At one point, when I was going through the crowd I told some guy to go home he said,
'No, we are fighting for a cause'
This really surprised me, as if perhaps there was some deeper cause to the group that I was not aware of,
'What cause?'
'To party' he said, straight faced (well his eyes were wandering).

Thursday, October 10, 2013

those old submission blues

Been submitting my novel to presses. Sent out to another contest today. Already $55 dollars in the hole. Feels like gambling, but I lose more money, or something. Gathered a bunch of presses from the 'about' section of &NOW2 award anthology. Most are poetry/multimedia et c. so it was not very fruitful.

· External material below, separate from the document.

(* Fix $p\ge1$, $\epsilon>0$ and a log-dyadic $\delta\in[0,1)$. For $n\ge1$ let $x_n\in\mathbb{L}_n$, set $r_{n,p}:=\frac{n}{p}-(1+\epsilon)\log_2n$ and $A^{(n)}:={\rm B}_{r_{n',p}}(x_{n'})$. Then, as $n\to\infty$, $W^{p,\infty}\big(\eta^{+,\delta}_{A^{(n)}},\ \eta^{+,\delta}(\infty)\mathbf{1}_{A^{(n)}}\big)\to0$, and there are joint laws of $(h,\eta^{+,\delta}(\infty))$ with marginals ${\rm P}$ and the law of $\eta^{+,\delta}(\infty)$ such that $W^{p,\infty}\big(h^{+,\delta}_{A^{(n)}},\ h_{A^{(n)}}+\eta^{+,\delta}(\infty)\mathbf{1}_{A^{(n)}}\big)\to0$, where $h^{+,\delta}$ has law ${\rm P}^{+,\delta}$.
   Context: $\mathbb{T}$ is the infinite rooted binary tree with root $0$; $|x|$ is the depth of $x$, $x\wedge y$ the deepest common ancestor; ${\rm B}_r(x)$ is the graph-distance ball; $\mathbb{T}_n$, $\mathbb{L}_n$ are the vertices of depth at most / exactly $n$; $\mathbb{T}(x)$ is the subtree of $x$ and its descendants, identified with $\mathbb{T}$ by a fixed isomorphism sending $0$ to $x$. $l_n=\lfloor\log_2 n\rfloor$, $n'=n-l_n$. $h$ is the centered Gaussian field with ${\rm E}[h(x)h(y)]=|x\wedge y|$; ${\rm P}_n$ its law on $\mathbb{R}^{\mathbb{T}_n}$, ${\rm P}={\rm P}_\infty$. $c_0=\sqrt{2\log2}$, $m_n=c_0n-\frac{3}{2c_0}\log n$, $\Omega_n(u)=\{\min_{\mathbb{L}_n}h\ge -m_n+u\}$; ${\rm P}^{\uparrow u}_{n,v}$ is the law of $h+v$ under ${\rm P}_n(\cdot\mid\Omega_n(u-v))$ and ${\rm P}^{\uparrow u}_v$ its $W^{p,\infty}_{\rm loc}$-limit as $n\to\infty$ (exists). Log-dyadic: of the form $\log_2(q/2^p)$, integers $q\ge1,p\ge0$. ${\rm P}^{+,\delta}$ is the $W^{p,\infty}_{\rm loc}$-limit as $k\to\infty$ of the law of $h_{\mathbb{T}(x_k)}$ ($x_k\in\mathbb{L}_k$) under ${\rm P}^{\uparrow c_0k}_{-c_02^{k+\delta}}$ (exists). $\ddot{\rm P}^{+,\delta}$ is a coupling of fields $h,h^{+,\delta},\eta^{+,\delta}$ on $\mathbb{T}$, invariant in law under automorphisms of $\mathbb{T}$ fixing $0$ (constructed in the paper), with $h^{+,\delta}=h+\eta^{+,\delta}$ a.s., $h\sim{\rm P}$, $h^{+,\delta}\sim{\rm P}^{+,\delta}$, $\eta^{+,\delta}(0)\sim{\rm P}^{+,\delta}(h(0)\in\cdot)$, and for $x$ a child of $y$, $\|\eta^{+,\delta}(x)-\eta^{+,\delta}(y)\|_p\le C_p|x|2^{-|x|/p}$ ($C_p$ independent of $\delta$) and $\ddot{\rm E}^{+,\delta}(\eta^{+,\delta}(x)-\eta^{+,\delta}(y))\ge0$. Along any infinite branch $(x_n)$ from the root, $\lim_n\eta^{+,\delta}(x_n)$ exists a.s.; its law does not depend on the branch and $\eta^{+,\delta}(\infty)$ denotes a random variable with this law. $W^{p,\infty}$ is the $p$-Wasserstein distance between laws on $\mathbb{R}^{\mathbb{T}}$ w.r.t. the (possibly infinite) sup norm, fields on $A$ extended by $0$ off $A$; $W^{p,\infty}_{\rm loc}$-convergence means $W^{p,\infty}$-convergence of restrictions to each $\mathbb{T}_k$; $\mathbf{1}_A$ is the field equal to $1$ on $A$. *)

theory Defs
  imports "HOL-Probability.Probability" "HOL-Library.Sublist"
begin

Feel this tearing conundrum where, you know how on the submissions page they will say 'please read our books to find out what we publish' or something like that? And there are a number of presses that publish stuff that I like (Dalkey archive, two dollar radio, tyrant) but all the presses that I like, that I admire that I (this is going to sound weird, but I believe it) feel a sort of aesthetic resonance in, are all relatively elite. And the ones seem to have even the slightest chance of publishing me are pretty small, relatively basic, mundane (whatever the opposite of elite is I guess) but do not publish books i have yet come into contact with. Many of the presses I like are closed to unsolicited subs. too so I have to go scour the internet for all these other presses (I guess the 'shotgun' approach seems like the only way though I may be wring here...) but I don't have the time (or the motivation really) to read all the books form all these small presses. It's so selfish, and yet I feel this driving motivation to do it. Like blowing dandelion fluff into a volcano, like trying to spread my creative seed (gross) into this giant, uncaring, incinerating maw. And I know I just need to write more, and I've been getting published little by little...and still.

Feel pretty hopeless at this point, finding it hard to write more. And this is not just from the presses but in general. Last week wrote something like 3000 words total, just a silly story about 'lying down machines'. Feel like there will come a point where I will meet a bunch of people writing a lot like I do. Not sure if this will be a good thing or a bad thing. Good for connections, feedback, publishing; bad for competition, self-esteem, in-fighting (I guess?).

Guess I'm just super lucky that I do not have to have a job now, nor in the near future. Can write as much as I want, when I want et c. Figure that the pressure of having a job will make me write more efficiently. Hearing about there people who have thrown away three, five, ten novels before they published their first piece make me worried. Just not sure how many novels I have in me, whether I can sustain the energy I had earlier this year for the amount of time it will take me to do this.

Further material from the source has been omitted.